Isabel suspiró y se dio la vuelta. Si había alguien sobre la faz de la tierra consciente de que con una madre bastaba, esa era ella. Optó por ponerse a pasear, nerviosa. Cogió una por una todas las fotos de los bonobos. Observó sus caras, sus manos y la forma de sus orejas, recordando detalles característicos para mantenerlos frescos en la memoria. Tomó una foto de Bonzi y la miró a los ojos.

«Os encontraré. Lo prometo».

De lo que no tenía ni idea era de adónde se los iba a llevar, pero ya se preocuparía de eso más tarde.

Dejó la fotografía en su sitio y las alineó todas de manera que los marcos estuvieran en el mismo ángulo en relación al borde de la mesa. Empezó a pasear por la sala balanceando las manos adelante y atrás y dejándolas entrechocar delante de ella, hasta que Joel levantó la vista con aire molesto. Entonces desapareció en la cocina y se puso a fregar el cajón de las verduras de la nevera. Hizo una infusión y, cuando dejó las tazas sobre la mesita de centro, intentó echar un vistazo furtivo a los portátiles de Joel y Jawad para ver qué estaban haciendo, pero ellos se encorvaron hacia delante para protegerlos, inclinando los monitores hacia abajo.

– Estos tíos son gilipollas -dijo Joel media hora después de que hubiera terminado toda conversación anterior.

– Creo que eso ya lo sabemos -dijo Celia.

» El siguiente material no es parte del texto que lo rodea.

(* Assume the predecessor sets are consecutive, i.e. $\pi_C(j)=\{j-I_j,\dots,j-1\}$ for all $j$, so that $\psi_C(j)=\{1,\dots,C\}$ for $j\le C$ and $\psi_C(j)=\{j-C+1,\dots,j\}$ for $j\ge C$. Then for every $j\in\{1,\dots,J\}$ the principal submatrices indexed by the blocks $\psi_C(j)$ coincide: $$\big(\mathbf S_C^{-1}\big)_{[\psi_C(j),\psi_C(j)]}=\big(\mathbf K_{\mathbf A\mathbf A}\big)_{[\psi_C(j),\psi_C(j)]},$$ so that the block band-diagonals $-C+1,\dots,C-1$ of $\mathbf S_C^{-1}$ and $\mathbf K_{\mathbf A\mathbf A}$ agree. In particular, for $C=J$, $\mathbf S_J^{-1}=\mathbf K_{\mathbf A\mathbf A}$.
   Context: Let $k:\mathbb R^D\times\mathbb R^D\to\mathbb R$ be a positive definite kernel. For matrices $\mathbf U\in\mathbb R^{m\times D}$, $\mathbf W\in\mathbb R^{n\times D}$ whose rows are points of $\mathbb R^D$, $\mathbf K_{\mathbf U\mathbf W}\in\mathbb R^{m\times n}$ has entries $k(U_i,W_l)$. All kernel matrices that are inverted below are assumed invertible. Inducing inputs: fix $J\ge1$, $L\ge1$, $\mathbf A_j\in\mathbb R^{L\times D}$, $\mathbf A=(\mathbf A_1;\dots;\mathbf A_J)$, $M=LJ$. For $\varphi\subseteq\{1,\dots,J\}$ listed increasingly as $\varphi^1<\varphi^2<\cdots$, $\mathbf A_\varphi$ denotes the vertical stack of the corresponding blocks; for an $M\times M$ matrix $\mathbf Z$ viewed as $J\times J$ blocks of size $L\times L$, $\mathbf Z_{[\varphi,\varphi]}$ is the submatrix of block rows and columns in $\varphi$. Predecessor and correlation sets: for each $C\in\{1,\dots,J\}$ and $j\in\{1,\dots,J\}$ a set $\pi_C(j)\subseteq\{1,\dots,j-1\}$ with $|\pi_C(j)|=I_j:=\min(j-1,C-1)$; the correlation set is $\psi_C(j)=\pi_C(j)\cup\{j,\dots,C\}$ if $j<C$ and $\psi_C(j)=\pi_C(j)\cup\{j\}$ if $j\ge C$. Write $\pi(j)=\pi_C(j)$ when $C$ is fixed. Matrices (for fixed $C$): $\mathbf F_j=\mathbf K_{\mathbf A_j\mathbf A_{\pi(j)}}\mathbf K_{\mathbf A_{\pi(j)}\mathbf A_{\pi(j)}}^{-1}\in\mathbb R^{L\times LI_j}$; $\mathbf Q_j=\mathbf K_{\mathbf A_j\mathbf A_j}-\mathbf K_{\mathbf A_j\mathbf A_{\pi(j)}}\mathbf K_{\mathbf A_{\pi(j)}\mathbf A_{\pi(j)}}^{-1}\mathbf K_{\mathbf A_{\pi(j)}\mathbf A_j}$; if $\pi(j)=\emptyset$ then $\mathbf F_j$ is empty and $\mathbf Q_j=\mathbf K_{\mathbf A_j\mathbf A_j}$. Partition $\mathbf F_j=[\mathbf F_j^1,\dots,\mathbf F_j^{I_j}]$ into $L\times L$ blocks, $\mathbf F_j^i$ corresponding to $\pi^i(j)$. $\mathbf Q=\mathrm{blockdiag}(\mathbf Q_1,\dots,\mathbf Q_J)$; $\mathbf F\in\mathbb R^{M\times M}$ is the $J\times J$ block matrix with $\mathbb I_L$ in each diagonal block, $-\mathbf F_j^i$ in block $(j,\pi^i(j))$ and zero elsewhere; $\mathbf S_C=\mathbf F^T\mathbf Q^{-1}\mathbf F$ (the precision matrix of the CPoE prior $q_C(\mathbf a)=\prod_j\mathcal N(\mathbf a_j;\mathbf F_j\mathbf a_{\pi(j)},\mathbf Q_j)$). *)

theory Defs
  imports "HOL-Analysis.Analysis" "Jordan_Normal_Form.Matrix"
begin

text \<open>Inducing inputs are given as a row function A :: nat => real^'d,
  row r (0-based) of the M x D matrix, M = L*J. Block j (1-based, 1 <= j <= J) consists of
  rows (j-1)*L ..< j*L.\<close>

definition pos_def_kernel :: "('a \<Rightarrow> 'a \<Rightarrow> real) \<Rightarrow> bool" where
  "pos_def_kernel k \<longleftrightarrow> (\<forall>x y. k x y = k y x) \<and>
     (\<forall>(xs :: 'a list) (c :: nat \<Rightarrow> real).
        (\<Sum>i<length xs. \<Sum>l<length xs. c i * c l * k (xs ! i) (xs ! l)) \<ge> 0)"

definition minv :: "real mat \<Rightarrow> real mat" where
  "minv X = (SOME Y. inverts_mat X Y \<and> inverts_mat Y X)"

definition blockrows :: "nat \<Rightarrow> nat set \<Rightarrow> nat list" where
  "blockrows L \<phi> = concat (map (\<lambda>j. [(j - 1) * L ..< j * L]) (sorted_list_of_set \<phi>))"

definition kmat :: "('a \<Rightarrow> 'a \<Rightarrow> real) \<Rightarrow> (nat \<Rightarrow> 'a) \<Rightarrow> nat list \<Rightarrow> nat list \<Rightarrow> real mat" where
  "kmat k A us ws = mat (length us) (length ws) (\<lambda>(a, b). k (A (us ! a)) (A (ws ! b)))"

definition Kblk :: "('a \<Rightarrow> 'a \<Rightarrow> real) \<Rightarrow> (nat \<Rightarrow> 'a) \<Rightarrow> nat \<Rightarrow> nat set \<Rightarrow> nat set \<Rightarrow> real mat" where
  "Kblk k A L \<phi> \<theta> = kmat k A (blockrows L \<phi>) (blockrows L \<theta>)"

definition KAA :: "('a \<Rightarrow> 'a \<Rightarrow> real) \<Rightarrow> (nat \<Rightarrow> 'a) \<Rightarrow> nat \<Rightarrow> nat \<Rightarrow> real mat" where
  "KAA k A L J = Kblk k A L {1..J} {1..J}"

definition subblk :: "nat \<Rightarrow> nat set \<Rightarrow> real mat \<Rightarrow> real mat" where
  "subblk L \<phi> Z = (let idx = blockrows L \<phi> in
     mat (length idx) (length idx) (\<lambda>(a, b). Z $$ (idx ! a, idx ! b)))"

definition Fj :: "('a \<Rightarrow> 'a \<Rightarrow> real) \<Rightarrow> (nat \<Rightarrow> 'a) \<Rightarrow> nat \<Rightarrow> (nat \<Rightarrow> nat set) \<Rightarrow> nat \<Rightarrow> real mat" where
  "Fj k A L \<pi> j = Kblk k A L {j} (\<pi> j) * minv (Kblk k A L (\<pi> j) (\<pi> j))"

definition Qj :: "('a \<Rightarrow> 'a \<Rightarrow> real) \<Rightarrow> (nat \<Rightarrow> 'a) \<Rightarrow> nat \<Rightarrow> (nat \<Rightarrow> nat set) \<Rightarrow> nat \<Rightarrow> real mat" where
  "Qj k A L \<pi> j = Kblk k A L {j} {j}
     - Kblk k A L {j} (\<pi> j) * minv (Kblk k A L (\<pi> j) (\<pi> j)) * Kblk k A L (\<pi> j) {j}"

definition Qmat :: "('a \<Rightarrow> 'a \<Rightarrow> real) \<Rightarrow> (nat \<Rightarrow> 'a) \<Rightarrow> nat \<Rightarrow> nat \<Rightarrow> (nat \<Rightarrow> nat set) \<Rightarrow> real mat" where
  "Qmat k A L J \<pi> = mat (L * J) (L * J) (\<lambda>(r, c).
     if r div L = c div L then Qj k A L \<pi> (r div L + 1) $$ (r mod L, c mod L) else 0)"

text \<open>F: identity diagonal blocks, -F_j^i in block (j, pi^i(j)), where pi^i(j) is the
  i-th smallest element of pi(j); the 0-based position of block b in pi(j) is
  card {i in pi(j). i < b}.\<close>
definition Fmat :: "('a \<Rightarrow> 'a \<Rightarrow> real) \<Rightarrow> (nat \<Rightarrow> 'a) \<Rightarrow> nat \<Rightarrow> nat \<Rightarrow> (nat \<Rightarrow> nat set) \<Rightarrow> real mat" where
  "Fmat k A L J \<pi> = mat (L * J) (L * J) (\<lambda>(r, c).
     (let jr = r div L + 1; jc = c div L + 1 in
      if jr = jc then (if r = c then 1 else 0)
      else if jc \<in> \<pi> jr then
        - (Fj k A L \<pi> jr $$ (r mod L, card {i \<in> \<pi> jr. i < jc} * L + c mod L))
      else 0))"

definition Smat :: "('a \<Rightarrow> 'a \<Rightarrow> real) \<Rightarrow> (nat \<Rightarrow> 'a) \<Rightarrow> nat \<Rightarrow> nat \<Rightarrow> (nat \<Rightarrow> nat set) \<Rightarrow> real mat" where
  "Smat k A L J \<pi> = transpose_mat (Fmat k A L J \<pi>) * minv (Qmat k A L J \<pi>) * Fmat k A L J \<pi>"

Ella e Isabel estaban tumbadas boca arriba sobre el suelo de la sala con un cuenco de nachos de maíz azul entre las dos-. Volaron el laboratorio por los aires.

– No, me refiero a gilipollas de verdad. Había una familia que criaba conejillos de indias. Tenían un montón de conejillos. Bueno, el caso es que la LLT la tomó con esta familia porque pensaban que algunas de las cobayas iban a parar a laboratorios biomédicos.

– ¿Y era verdad? -preguntó Celia. Se metió un nacho en la boca, lo hizo crujir y se chupó la sal de los dedos.

– No lo sé. Puede ser, pero ese no es el tema. El tema es que estuvieron atemorizando a la familia durante años. Cuando la abuela murió, la LLT desenterró el cadáver y lo retuvo como rehén durante tres meses hasta que la familia accedió a dejar de criar conejillos de indias.

– ¿Robaron un cadáver? -preguntó Isabel con la boca llena de nachos.

– Y se lo quedaron tres meses -repitió Joel -. La familia dejó lo de las cobayas y a la abuela la dejaron tirada en el bosque y pudieron recuperarla. Os podéis imaginar el estado en el que estaba.